Showcase Presents: Legion of Super-Heroes Vol. 4

What I try to do with reviews at this Bookshelf blog is keep it simple and spoiler-free, and let you know whether I'd recommend you pick up a copy of what I just read. Seems to work okay. This time, a brief review of Showcase Presents: Legion of Super-Heroes Volume 4 (DC, 2011).

Every so often, reading Legion of Super-Heroes in this period (1968-1972), you get some real gems, but they sure can be ugly. This latest edition in the Showcase Presents series collects another 500 pages of LSH action and futuristic melodrama, and most of it's pretty entertaining, but it's not very easy on the eyes. I was reminded of a 1993 newspaper review of a twenty year-old Doctor Who serial, dusted off and run in prime time on BBC1, which summed up just how dated the garish, glam rock production was by noting "Sometimes, Doctor Who doesn't time travel well at all."

That's certainly true about the late '60s Legion. DC Comics, in the period, was confused and frustrated and throwing everything at the wall, desperate for something to stick. Sometimes they found something that really worked well; giving teenage writer Jim Shooter a crack at humanizing the characters and bringing a vital, modern energy to the old-fashioned plotting was among the best things that corporation did that whole decade. But then they shot themselves in the foot by letting some guy with the awesomely rock-n-roll name of J. Winslow Mortimer illustrate some of them. Eventually, Jack Abel is brought in to ink this artist's work and made it look competent, but until Abel arrived, DC was publishing some of the ugliest, blockiest, dullest, sloppiest artwork imaginable. Here's a rare example of me speaking against the Showcase series' black-and-white reproduction: My own collection of old comics where these originally appeared had long told me that these were ugly comics.
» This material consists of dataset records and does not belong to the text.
(* The group $\Phi_L$, viewed as a subgroup of ${\rm PGL}_3(\mathbb{Q}_2)$, is torsion-free.
   Context: Let $\mathcal{O}$ be the ring of integers of $\mathbb{Q}(\sqrt{-7})$, $\Gamma_L$ the unitary group of the standard Hermitian lattice $\mathcal{O}[\tfrac12]^3$ (standard Hermitian form $\sum x_i\bar y_i$), and $P\Gamma_L$ its quotient by scalars; a fixed embedding $\mathcal{O}\to\mathbb{Z}_2$ identifies $P\Gamma_L$ with a lattice in ${\rm PGL}_3(\mathbb{Q}_2)$. With $\theta=\sqrt{-7}$, the Hermitian form induces a nondegenerate symmetric bilinear form on $\mathcal{O}[\tfrac12]^3/\theta\mathcal{O}[\tfrac12]^3\cong\mathbb{F}_7^3$, yielding a homomorphism $\Gamma_L\to{\rm O}_3(7)$ and hence $P\Gamma_L\to{\rm PO}_3(7)\cong{\rm PGL}_2(7)$. $\Phi_L$ is the kernel of this homomorphism $P\Gamma_L\to{\rm PGL}_2(7)$. *)

theory Defs
  imports "HOL-Analysis.Analysis"
begin

text \<open>The ring O[1/2] for O the ring of integers of Q(sqrt(-7)), realised inside the
complex numbers.  Since 2 O is contained in Z[sqrt(-7)], which is contained in O,
we have O[1/2] = Z[1/2][sqrt(-7)].\<close>
definition O2 :: "complex set" where
  "O2 = {Complex (of_int a / 2 ^ k) (of_int b / 2 ^ k * sqrt 7) | a b (k::nat). True}"

definition theta :: complex where
  "theta = \<i> * complex_of_real (sqrt 7)"
text \<open>
  A rotation-invariant function vanishing at all orbit representatives is zero, and
  (I - R) xi = (I - R) (xi - xi o rep) since xi o rep is rotation-invariant. Hence I - R maps the
  functions supported on the non-representative words bijectively onto ran (I - R), and B is the
  image of their standard basis.

  On words l_j^* - r_j^* = l_j^* (I - R), and xi |-> (l_j^* xi)_j is injective on tensors of
  positive degree; so X_k is the injective image of ran (I - R) under this map, and tilde-B is the
  image of (I - R) B. As R^(k+1) = I, averaging over the rotations splits the tensors into
  ker (I - R) and ran (I - R) with trivial intersection, so I - R restricts to a bijection of
  ran (I - R) and carries the basis B to another basis of it.
\<close>

section \<open>Bases and module homomorphisms\<close>

lemma sum_fun_apply: "(\<Sum>a\<in>A. f a) x = (\<Sum>a\<in>A. f a x)"
  by (induct A rule: infinite_finite_induct) auto

lemma module_scaleT: "module scaleT"
  by unfold_locales (auto simp: scaleT_def fun_eq_iff algebra_simps)

lemma module_scaleV: "module scaleV"
  by unfold_locales (auto simp: scaleV_def fun_eq_iff algebra_simps)

lemma basis_family_cong:
  assumes "\<And>i. i \<in> I \<Longrightarrow> f i = g i"
  shows "basis_family s I f V \<longleftrightarrow> basis_family s I g V"
  using assms by (simp add: basis_family_def cong: image_cong inj_on_cong)

lemma basis_family_empty: "module s \<Longrightarrow> basis_family s {} f {0}"
  by (simp add: basis_family_def module.span_empty module.independent_empty)
lemma integral_power_ratio_times_square_bigo:
  fixes Y :: "'a \<Rightarrow> real" and p :: nat and \<alpha> C :: real
  assumes [measurable]: "Y \<in> borel_measurable M" and Y_pos: "\<And>\<omega>. \<omega> \<in> space M \<Longrightarrow> 0 < Y \<omega>"
    and tail: "\<And>x. 1 \<le> x \<Longrightarrow> prob {\<omega>\<in>space M. x \<le> Y \<omega>} \<le> C * x powr -(real p + \<alpha>)"
    and "1 \<le> p" "1 < \<alpha>" "\<alpha> \<le> real p + 2"
  shows "(\<lambda>n::nat. \<integral>\<omega>. Y \<omega> ^ (2 * p) / (Y \<omega> / real n + 1) ^ (p + 1) * Y \<omega> ^ 2 \<partial>M)
    \<in> O(\<lambda>n. real n powr (real p - \<alpha> + 2) * ln (real n))"
proof -
  obtain D where "0 < D" and truncated_moment: "\<And>N. 1 \<le> N \<Longrightarrow>
      (\<integral>\<^sup>+\<omega>. min (Y \<omega>) N powr (\<alpha> - 1) * Y \<omega> powr (real p + 1) \<partial>M) \<le> ennreal (D * (1 + ln N))"
    using nn_integral_truncated_powr_log_bounded_of_tail[OF assms(1,2) tail, of "\<alpha> - 1"] assms(5)
    by auto
  show ?thesis
  proof (rule bigo_integral_of_nn_integral_le[of "2 * D"])
    show "0 < 2 * D"
      using \<open>0 < D\<close> by simp
    show "0 \<le> Y \<omega> ^ (2 * p) / (Y \<omega> / real n + 1) ^ (p + 1) * Y \<omega> ^ 2" if "\<omega> \<in> space M" for n \<omega>
      using Y_pos[OF that] by simp
    show "\<forall>\<^sub>F n in sequentially. 0 \<le> real n powr (real p - \<alpha> + 2) * ln (real n) \<and>
        (\<integral>\<^sup>+\<omega>. Y \<omega> ^ (2 * p) / (Y \<omega> / real n + 1) ^ (p + 1) * Y \<omega> ^ 2 \<partial>M)
          \<le> ennreal (2 * D * (real n powr (real p - \<alpha> + 2) * ln (real n)))"
      using eventually_ge_at_top[of 3]
    proof eventually_elim
      case (elim n)
      have "1 \<le> ln (real n)"
        using elim exp_le by (subst ln_ge_iff) auto
      have pointwise: "Y \<omega> ^ (2 * p) / (Y \<omega> / real n + 1) ^ (p + 1) * Y \<omega> ^ 2
          \<le> real n powr (real p - \<alpha> + 2) * (min (Y \<omega>) (real n) powr (\<alpha> - 1) * Y \<omega> powr (real p + 1))"
        if "\<omega> \<in> space M" for \<omega>
        using Y_pos[OF that] elim assms(4-6) by (intro power_ratio_times_square_le_truncated_powr) auto
      have "(\<integral>\<^sup>+\<omega>. Y \<omega> ^ (2 * p) / (Y \<omega> / real n + 1) ^ (p + 1) * Y \<omega> ^ 2 \<partial>M)
          \<le> ennreal (real n powr (real p - \<alpha> + 2) * (D * (1 + ln (real n))))"
        using \<open>0 < D\<close> \<open>1 \<le> ln (real n)\<close> elim
        by (intro nn_integral_le_cmult_of_le[OF _ pointwise _ truncated_moment]) auto
      also have "\<dots> \<le> ennreal (real n powr (real p - \<alpha> + 2) * (D * (2 * ln (real n))))"
        using \<open>0 < D\<close> \<open>1 \<le> ln (real n)\<close> by (intro ennreal_leI mult_left_mono) auto
      also have "\<dots> = ennreal (2 * D * (real n powr (real p - \<alpha> + 2) * ln (real n)))"
        by (simp add: mult_ac)
      finally show ?case
        using \<open>1 \<le> ln (real n)\<close> by simp
    qed
  qed
qed

end

theorem lemma8:
  fixes M :: "'a measure" and X X1 :: "'a \<Rightarrow> real" and p :: nat and \<alpha> :: real
  assumes "prob_space M"
    and "X \<in> borel_measurable M" and "X1 \<in> borel_measurable M"
    and "prob_space.indep_var M borel X borel X1"
    and "distr M borel X = distr M borel X1"
    and "\<forall>\<omega>\<in>space M. X \<omega> > 0" and "\<forall>\<omega>\<in>space M. X1 \<omega> > 0"
    and "integrable M X" and "integral\<^sup>L M X = 1"
    and "p \<ge> 2" and "1 < \<alpha>" and "\<alpha> \<le> real p + 2"
    and "(\<lambda>x. measure M {\<omega>\<in>space M. X \<omega> \<ge> x}) \<in> O[at_top](\<lambda>x. x powr (-(real p + \<alpha>)))"
  shows "(\<lambda>n::nat. integral\<^sup>L M (\<lambda>\<omega>. X1 \<omega> ^ (2*p) / (X1 \<omega> / real n + 1) ^ (p+1)))
           \<in> O[at_top](\<lambda>n. real n powr (real p - \<alpha> + 2)) \<and>
         (\<lambda>n::nat. integral\<^sup>L M (\<lambda>\<omega>. X1 \<omega> ^ (2*p) / (X1 \<omega> / real n + 1) ^ (p+1) * X1 \<omega> ^ 2))
           \<in> O[at_top](\<lambda>n. real n powr (real p - \<alpha> + 2) * ln (real n))"
proof -
  interpret prob_space M
    by fact
  have "(\<lambda>x. prob {\<omega>\<in>space M. x \<le> X1 \<omega>}) \<in> O[at_top](\<lambda>x. x powr -(real p + \<alpha>))"
    using assms(13) prob_ge_eq_of_distr_eq[OF assms(2,3,5)] by simp
  then obtain C where tail: "\<And>x. 1 \<le> x \<Longrightarrow> prob {\<omega>\<in>space M. x \<le> X1 \<omega>} \<le> C * x powr -(real p + \<alpha>)"
    using assms(11) by (elim tail_bound_of_bigo) auto
  have "1 \<le> p"
    using assms(10) by simp
  show ?thesis
    using integral_power_ratio_bigo[OF assms(3) _ tail \<open>1 \<le> p\<close> assms(11,12)]
      integral_power_ratio_times_square_bigo[OF assms(3) _ tail \<open>1 \<le> p\<close> assms(11,12)] assms(7)
    by simp
qed

end
theorem mainTheorem5:
  fixes g h :: "'a::euclidean_space \<Rightarrow> ereal"
    and \<rho> :: real
    and U :: "'a set" and gradg :: "'a \<Rightarrow> 'a"
    and p :: nat and c :: "nat \<Rightarrow> 'a \<Rightarrow> real" and gradc :: "nat \<Rightarrow> 'a \<Rightarrow> 'a"
    and xk uk yk :: 'a
  assumes rho_pos: "\<rho> > 0"
    and g_proper: "proper_ext g" and h_proper: "proper_ext h"
    and A1_g: "strongly_convex_dom g \<rho>" and A1_h: "strongly_convex_dom h \<rho>"
    and c_convex: "\<And>i. i < p \<Longrightarrow> convex_on UNIV (c i)"
    and c_deriv: "\<And>i x. i < p \<Longrightarrow> (c i has_derivative (\<lambda>v. gradc i x \<bullet> v)) (at x)"
    and c_C1: "\<And>i. i < p \<Longrightarrow> continuous_on UNIV (gradc i)"
    and A2_subdiff: "\<And>x. x \<in> edom h \<Longrightarrow> subdiff h x \<noteq> {}"
    and A2_U: "open U" "edom h \<subseteq> U"
    and A2_g_finite: "\<And>x. x \<in> U \<Longrightarrow> g x \<noteq> \<infinity>"
    and A2_g_deriv: "\<And>x. x \<in> U \<Longrightarrow>
          ((\<lambda>z. real_of_ereal (g z)) has_derivative (\<lambda>v. gradg x \<bullet> v)) (at x)"
    and A2_g_C1: "continuous_on U gradg"
    and A2_bdd: "\<exists>B::real. \<forall>x\<in>{x. \<forall>i<p. c i x \<le> 0}. ereal B \<le> g x - h x"
    and xk_feas: "\<forall>i<p. c i xk \<le> 0"
    and uk_sub: "uk \<in> subdiff h xk"
    and yk_unique_min: "\<And>z. (\<forall>i<p. c i z \<le> 0) \<Longrightarrow>
          ((\<forall>x. (\<forall>i<p. c i x \<le> 0) \<longrightarrow> g z - ereal (uk \<bullet> z) \<le> g x - ereal (uk \<bullet> x)) \<longleftrightarrow> z = yk)"
    and yk_feas: "\<forall>i<p. c i yk \<le> 0"
    and KKT: "\<exists>\<mu>::nat \<Rightarrow> real. (\<forall>i<p. \<mu> i \<ge> 0)
                 \<and> gradg yk = uk - (\<Sum>i<p. \<mu> i *\<^sub>R gradc i yk)
                 \<and> (\<forall>i<p. \<mu> i * c i yk = 0)"
    and yk_dom: "yk \<in> edom h"
  shows "(\<exists>D. has_dir_deriv (\<lambda>x. g x - h x) yk (yk - xk) D
              \<and> D \<le> ereal (- \<rho> * (norm (yk - xk))\<^sup>2))
       \<and> (\<forall>i<p. c i yk = 0 \<longrightarrow>
              gradc i yk \<bullet> (yk - xk) \<ge> - c i xk \<and> - c i xk \<ge> 0)"
proof -
  obtain \<mu> :: "nat \<Rightarrow> real" where \<mu>: "\<forall>i<p. \<mu> i \<ge> 0"
    and stat: "gradg yk = uk - (\<Sum>i<p. \<mu> i *\<^sub>R gradc i yk)"
    and slack: "\<forall>i<p. \<mu> i * c i yk = 0"
    using KKT by blast
  have tangent: "c i yk + gradc i yk \<bullet> (xk - yk) \<le> c i xk" if "i < p" for i
    by (rule convex_on_has_derivative_above_tangent[OF c_convex[OF that] UNIV_I UNIV_I c_deriv[OF that]])
  have active: "gradc i yk \<bullet> (yk - xk) \<ge> - c i xk \<and> - c i xk \<ge> 0" if "i < p" "c i yk = 0" for i
    using tangent[OF that(1)] xk_feas that by (simp add: inner_diff_right)
  then have "gradg yk \<bullet> (yk - xk) \<le> uk \<bullet> (yk - xk)"
    by (intro kkt_stationarity_descent[OF \<mu> stat slack] allI impI) fastforce
  moreover have "yk \<in> U" "U \<subseteq> edom g"
    using yk_dom A2_U(2) A2_g_finite unfolding edom_def by auto
  ultimately have "\<exists>D. has_dir_deriv (\<lambda>x. g x - h x) yk (yk - xk) D
      \<and> D \<le> ereal (- \<rho> * (norm (yk - xk))\<^sup>2)"
    using dc_dir_deriv_le[OF _ h_proper A1_h uk_sub yk_dom A2_U(1) _ _ g_proper A2_g_deriv] rho_pos
    by simp
  with active show ?thesis by blast
qed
Stripped of color, they are revealed as flat, unimaginative and hurried as a Whitman coloring book.

In this period, the Legion is still hamstrung simply by virtue of DC being DC. There's a good two-part story about several Legionnaires learning that they have been fatally poisoned, and you can really feel that unreal, Silver Age attempt at pathos. Characters want to tell their parents farewell, but they end up standing around stoically, weeping a silent tear and not saying anything, but thinking a gigantic thought balloon choked full of long sentences of what they wished they could say. On the other hand, Shooter does make progress in giving characters more human motives. Duo Damsel's unrequited love for Superboy is never really heart-wrenching, but it means well and feels real. Karate Kid's decision to spend his dying days tracking down the Fatal Five and bringing them to justice is the sort of thing that DC Comics just never did before Shooter. It was too aggressive, too proactive a tactic for such a reactionary publisher.

The whole book is like this, taking baby steps towards becoming energetic and lively and slipping away from the (sorry) Silver Age shackles. E. Nelson Bridwell contributes some pretty good scripts before Cary Bates drags the property kicking and screaming into the 1970s with some really fun stories and great characterization, and the drab Mortimer / Abel team eventually gives way to Dave Cockrum, who, finally, seems to have a desire to make the 30th Century look futuristic. The last 60-odd pages of this book are really fun, and I'm left feeling quite hungry for the fifth volume, which should be full of the stories that I grew up reading and loving. Recommended with reservations.